Florida’s southern fringe, from Everglades National Park through Ten Thousand Islands National Wildlife Refuge, makes up the largest protected mangrove coastline in the Western Hemisphere. Photography by Carlton Ward

The first time I went camping in Florida’s Ten Thousand Islands in 2001, I felt a sense of wildness and solitude I had only known from the Serengeti of Tanzania, the Amazon of Peru and the outback of Australia. The landscape was familiar—mangrove islands that I’d experienced in remnant patches as a kid growing up in Clearwater, or as a teenager fishing in Charlotte Harbor. But the scale of the undeveloped nature in the Ten Thousand Islands was like nothing I’d experienced in my home state. Florida’s southern fringe, from Everglades National Park through Ten Thousand Islands National Wildlife Refuge, makes up the largest protected mangrove coastline in the Western Hemisphere. The context makes the mangroves even more impressive. If you are camped on an island like Panther Key and watching the sun set over the Gulf of Mexico, you are surrounded by nature in all directions. In front of you and to your left, mangrove islands and wide-open water reach all the way to Mexico and Cuba. Behind you, Everglades National Park and the largest sub-tropical wilderness reserve in North America stretches dozens of miles east toward Miami.
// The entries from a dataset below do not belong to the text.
(* Let $S$ be a finite connected poset and let $\varphi$ be a monotone random dynamical system with independent increments on $S$ whose one-point motions are irreducible (time-homogeneous) Markov chains. Then, with $T(\omega):=\inf\{t>0:\ \varphi(t,\theta_{-t}\omega)\text{ is a constant map}\}$, we have $\mathbb{P}(T<+\infty)=1$.
   Context: Let $(\Omega,\mathcal{F},\mathbb{P})$ be a probability space and $(\theta_t)_{t\in\mathbb{R}}$ a one-parameter group of $\mathbb{P}$-preserving measurable maps ($\theta_{t+s}=\theta_t\circ\theta_s$, $\theta_0=\mathrm{Id}$), jointly measurable in $(t,\omega)$. A random dynamical system (RDS) on $S$ is a measurable $\varphi:[0,\infty)\times\Omega\to S^S$ with $\varphi(0,\omega)=\mathrm{Id}$ and $\varphi(t+s,\omega)=\varphi(t,\theta_s\omega)\circ\varphi(s,\omega)$. It has independent increments if for all $0\le t_0<\dots<t_n$ the variables $\varphi(t_i-t_{i-1},\theta_{t_{i-1}}\cdot)$, $i=1,\dots,n$, are independent. One-point motions: $(\varphi(t,\cdot)(x))_{t\ge0}$, $x\in S$. The RDS is monotone if $\varphi(t,\omega)$ is an increasing map $S\to S$ for every $t\ge0$ and $\omega$. A poset is connected if any two points are joined by a finite sequence of points in which consecutive points are comparable. $\inf\emptyset=+\infty$. *)

theory Defs
  imports "HOL-Probability.Probability"
begin

definition connected_poset :: "'a::order itself \<Rightarrow> bool" where
  "connected_poset _ \<longleftrightarrow> (\<forall>x y::'a. (\<lambda>a b. a \<le> b \<or> b \<le> a)\<^sup>*\<^sup>* x y)"

definition markov_chain_from ::
  "'w measure \<Rightarrow> (real \<Rightarrow> 'w \<Rightarrow> 'a) \<Rightarrow> 'a \<Rightarrow> (real \<Rightarrow> 'a \<Rightarrow> 'a \<Rightarrow> real) \<Rightarrow> bool" where
  "markov_chain_from M X x0 P \<longleftrightarrow>
     (\<forall>(n::nat) (t::nat \<Rightarrow> real) (xs::nat \<Rightarrow> 'a).
        t 0 = 0 \<longrightarrow> xs 0 = x0 \<longrightarrow> (\<forall>i<n. t i \<le> t (Suc i)) \<longrightarrow>
        measure M {\<omega>\<in>space M. \<forall>i\<in>{1..n}. X (t i) \<omega> = xs i}
          = (\<Prod>i\<in>{1..n}. P (t i - t (i - 1)) (xs (i - 1)) (xs i)))"

definition irreducible_transition :: "(real \<Rightarrow> 'a \<Rightarrow> 'a \<Rightarrow> real) \<Rightarrow> bool" where
  "irreducible_transition P \<longleftrightarrow> (\<forall>y z. \<exists>t>0. P t y z > 0)"

text \<open>Coalescence time T(\<omega>) = inf{t>0. \<phi>(t,\<theta>_{-t}\<omega>) is constant}, with inf {} = +\<infinity>.\<close>
definition coalescence_time ::
  "(real \<Rightarrow> 'w \<Rightarrow> 'w) \<Rightarrow> (real \<Rightarrow> 'w \<Rightarrow> 'a \<Rightarrow> 'a) \<Rightarrow> 'w \<Rightarrow> ereal" where
  "coalescence_time \<theta> \<phi> \<omega> =
     (INF t\<in>{t::real. t > 0 \<and> (\<exists>c. \<forall>y. \<phi> t (\<theta> (-t) \<omega>) y = c)}. ereal t)"

end

theory Submission
  imports Defs
begin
To your right, the Fakahatchee Strand and Big Cypress National Preserve anchor a wildlife corridor that reaches all the way north to the Everglades headwaters and beyond. A few years ago, I had a chance to return to the Ten Thousand Islands for a photo shoot from a small airplane. My goal was to capture the seemingly infinite labyrinth of the watery landscape and tap into that feeling of awe that had changed my perception of Florida on that first Everglades camping trip 15 years before.


NOTES 

— Habitat —
Mangrove Estuary
— Season —
Summer
— Time of Day —
Evening
— Subject — 
Ten Thousand Islands

Read more Photographs and Field Notes by Carlton Ward Jr.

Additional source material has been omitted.